Spyware is an Internet term for advertising supported software ("adware"). Spyware differs from other malicious code, because spyware has legitimate purposes, in addition to potentially malicious purposes. Spyware is installed in a computer, according to a variety of techniques. Spyware's primary purpose is the gathering of marketing and statistical information about a user's electronic behavior, together with the reporting of such information via the infected machine's Internet connection to one or more collection servers via the Internet. According to the privacy policies of many advertising companies that develop and distribute spyware, no sensitive information (or other information that identifies the individual user) is authorized to be collected from the user's computer. Such a policy is helpful to allay possible concerns regarding invasion of privacy or malicious purpose. Nevertheless, such policies are not always adopted or followed. Many spyware examples contain a "live" server program executed by the machine, which is capable of sending personal information and web-surfing habits to a remote location. Accordingly, spyware is also covered by the present disclosure, because spyware can be used for malicious purposes.

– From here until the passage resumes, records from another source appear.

lemma tpath_exists:
  assumes "a \<in> V" "b \<in> V" shows "\<exists>xs. tpath xs \<and> hd xs = a \<and> last xs = b"
proof -
  have "(\<lambda>x y. E x y \<and> x \<in> V \<and> y \<in> V)\<^sup>*\<^sup>* a b"
    using tree_connected assms unfolding connected_graph_def by blast
  then show ?thesis
  proof (induction rule: rtranclp_induct)
    case base then show ?case using assms by (intro exI[of _ "[a]"]) (simp add: tpath_def)
  next
    case (step b c)
    then obtain xs where xs: "tpath xs" "hd xs = a" "last xs = b" by blast
    show ?case
    proof (cases "c \<in> set xs")
      case True
      then obtain us vs where u: "xs = us @ c # vs" using split_list by metis
      then have "tpath (us @ [c]) \<and> hd (us @ [c]) = a"
        using xs tpath_prefix[of "us @ [c]" vs] by (cases us) auto
      then show ?thesis by (intro exI[of _ "us @ [c]"]) simp
    next
      case False
      then have "tpath (xs @ [c]) \<and> hd (xs @ [c]) = a" using xs step
        by (auto simp: tpath_def successively_append_iff)
      then show ?thesis by (intro exI[of _ "xs @ [c]"]) simp
    qed
  qed
qed

definition tree_path :: "'a \<Rightarrow> 'a \<Rightarrow> 'a list" where
  "tree_path a b = (THE xs. tpath xs \<and> hd xs = a \<and> last xs = b)"

lemma tree_path:
  assumes "a \<in> V" "b \<in> V"
  shows "tpath (tree_path a b)" "hd (tree_path a b) = a" "last (tree_path a b) = b"
proof -
  obtain xs where xs: "tpath xs" "hd xs = a" "last xs = b" using tpath_exists[OF assms] by blast
  have "\<exists>!xs. tpath xs \<and> hd xs = a \<and> last xs = b"
    using xs tpath_unique by (intro ex1I[of _ xs]) auto
  then have "tpath (tree_path a b) \<and> hd (tree_path a b) = a \<and> last (tree_path a b) = b"
    unfolding tree_path_def by (rule theI')
  then show "tpath (tree_path a b)" "hd (tree_path a b) = a" "last (tree_path a b) = b"
    by auto
qed
(* Let $0<q<1$. Then \[ q^{2}(1+q)^{2}+q^{4}+\sum_{n=1}^{\infty}\frac{(1/2|q^{2})_{n}^{2}}{([n+1]_{q^{2}}!)^{2}}\,q^{4n+4}=\frac{(1+q)^{4}}{\pi_{q}}\,q^{9/4}. \]
   Context: Let $0<q<1$ and write $q^{x}=e^{x\log q}$. $[z]_{q^2}=\frac{1-q^{2z}}{1-q^2}$; $[0]_{q^2}!=1$, $[n]_{q^2}!=\prod_{k=1}^n[k]_{q^2}$; $(1/2|q^2)_n=\prod_{k=0}^{n-1}[1/2+k]_{q^2}$. With $(z;q)_\infty=\prod_{k\ge0}(1-zq^k)$, $\pi_q=(1-q^2)q^{1/4}\frac{(q^2;q^2)_\infty^2}{(q;q^2)_\infty^2}$. *)

theory Defs
  imports "HOL-Analysis.Analysis"
begin

definition qnum2 :: "real \<Rightarrow> real \<Rightarrow> real" where
  "qnum2 q z = (1 - q powr (2 * z)) / (1 - q\<^sup>2)"

definition qfact2 :: "real \<Rightarrow> nat \<Rightarrow> real" where
  "qfact2 q n = (\<Prod>k=1..n. qnum2 q (real k))"

definition qpoch_half :: "real \<Rightarrow> nat \<Rightarrow> real" where
  "qpoch_half q n = (\<Prod>k<n. qnum2 q (1/2 + real k))"

definition qpoch_inf :: "real \<Rightarrow> real \<Rightarrow> real" where
  "qpoch_inf z q = (\<Prod>k. 1 - z * q ^ k)"

definition pi_q :: "real \<Rightarrow> real" where
  "pi_q q = (1 - q\<^sup>2) * q powr (1/4) * (qpoch_inf (q\<^sup>2) (q\<^sup>2))\<^sup>2 / (qpoch_inf q (q\<^sup>2))\<^sup>2"

end

theory Submission
  imports Defs
begin

text \<open>With \<open>p = q\<^sup>2\<close>, the series is \<open>q\<^sup>2 (1 + q)\<^sup>2\<close> times the basic hypergeometric series
  \<open>\<^sub>2\<phi>\<^sub>1(q\<^sup>-\<^sup>1, q\<^sup>-\<^sup>1; q\<^sup>2; p, q\<^sup>4)\<close>, whose terms of index 0 and 1 give the two explicit summands.
  The q-Gauss sum \<open>\<^sub>2\<phi>\<^sub>1(a, a; c; p, c/a\<^sup>2) = (c/a; p)\<^sub>\<infinity>\<^sup>2 / ((c; p)\<^sub>\<infinity> (c/a\<^sup>2; p)\<^sub>\<infinity>)\<close>
  is proved classically: a termwise telescoping identity gives the functional equation
  \<open>(1 - c)(1 - c/a\<^sup>2) F(c) = (1 - c/a)\<^sup>2 F(c p)\<close>; iterating it \<open>K\<close> times and using
  \<open>F(c p\<^sup>K) \<rightarrow> 1\<close> yields the infinite products.  At \<open>a = q\<^sup>-\<^sup>1, c = q\<^sup>2\<close> these are
  \<open>(q; q\<^sup>2)\<^sub>\<infinity>\<close> and \<open>(q\<^sup>2; q\<^sup>2)\<^sub>\<infinity>\<close> up to elementary factors, which is exactly what \<open>\<pi>\<^sub>q\<close> is made of.\<close>

definition qpoch :: "real \<Rightarrow> real \<Rightarrow> nat \<Rightarrow> real" where
  "qpoch z p n = (\<Prod>k<n. 1 - z * p ^ k)"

Spyware has resulted in congestion of internet web pages, as an increasingly large number of vendors create and distribute spyware via Internet sites that attract visitors. Spyware has also become a popular technique for shareware authors to profit from a product, other than by selling it directly to users. For example, if a user prefers, it can freely install an application bundled with spyware, instead of purchasing a license to the application. Several large media companies offer to place banner advertisements in software products, in exchange for a portion of revenue from sales resulting from the software products' display of the banner. This technique has increased in popularity, because users can avoid paying for the software products, and the software product developers receive money from alternate sources. If the user is annoyed by the banners, the user is usually given an option to remove them by paying a regular licensing fee for the software products.

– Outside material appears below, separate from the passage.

(* Let $g$ be a nondegenerate symmetric bilinear form on $\mathbb{R}^n$, $R:[0,1]\to\mathcal L(\mathbb{R}^n)$ a $C^1$ map of $g$-symmetric operators, $P\subset\mathbb{R}^n$ a subspace on which $g$ is nondegenerate and $S:P\to P$ $g$-symmetric. Then for every $t\in]0,1]$ the isomorphism $\psi_t\circ\varphi_t:\mathcal N_t\to\mathbb J[t]^\perp$ carries the restriction of $\hat I'(t)$ to $\mathcal N_t$ into the restriction of $-g$ to $\mathbb J[t]^\perp$; that is, for all $\hat V,\hat W\in\mathcal N_t$, $$\frac{d}{dt}\hat I_t(\hat V,\hat W)=-g\big((\varphi_t\hat V)'(t),(\varphi_t\hat W)'(t)\big).$$
   Context: $g$-symmetric: $g(Tx,y)=g(x,Ty)$; $\perp$ is $g$-orthogonality. $\mathbb J$ is the space of solutions of $J''=R(t)J$ on $[0,1]$ with $J(0)\in P$, $J'(0)+S[J(0)]\in P^\perp$; $\mathbb J[t]=\{J(t):J\in\mathbb J\}$. For $t\in]0,1]$: $\mathcal H_t=\{V\in H^1([0,t],\mathbb{R}^n):V(0)\in P,V(t)=0\}$, $\mathcal H=\mathcal H_1$, $I_t(V,W)=\int_0^t[g(V',W')+g(R(s)V,W)]ds-g(S[V(0)],W(0))$, $\varphi_t:\mathcal H\to\mathcal H_t$, $\varphi_t(\hat V)(s)=\hat V(s/t)$, $\hat I_t=I_t(\varphi_t\cdot,\varphi_t\cdot)$ on $\mathcal H$ (a $C^1$ curve $t\mapsto\hat I_t$ of bounded symmetric bilinear forms on $\mathcal H$, with derivative $\hat I'(t)$), $\mathcal N_t=\mathrm{Ker}(\hat I_t)$. The kernel of $I_t$ consists of the restrictions to $[0,t]$ of $J\in\mathbb J$ with $J(t)=0$, and $\psi_t:\mathrm{Ker}(I_t)\to\mathbb J[t]^\perp$, $\psi_t(V)=V'(t)$, is an isomorphism. *)

theory Defs
  imports "HOL-Analysis.Analysis"
begin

Spyware is not illegal, but it raises vai " privacy issues for certain users. Such privacy
issues are raised when the spyware tracks and sends information and statistics via a private Internet connection that operates in the "background" of the user's PC, using a server program that is installed on the user's PC. In a written privacy statement, legitimate adware companies will disclose the nature of such information that is collected and transmitted, but the user is typically unable to actually control it.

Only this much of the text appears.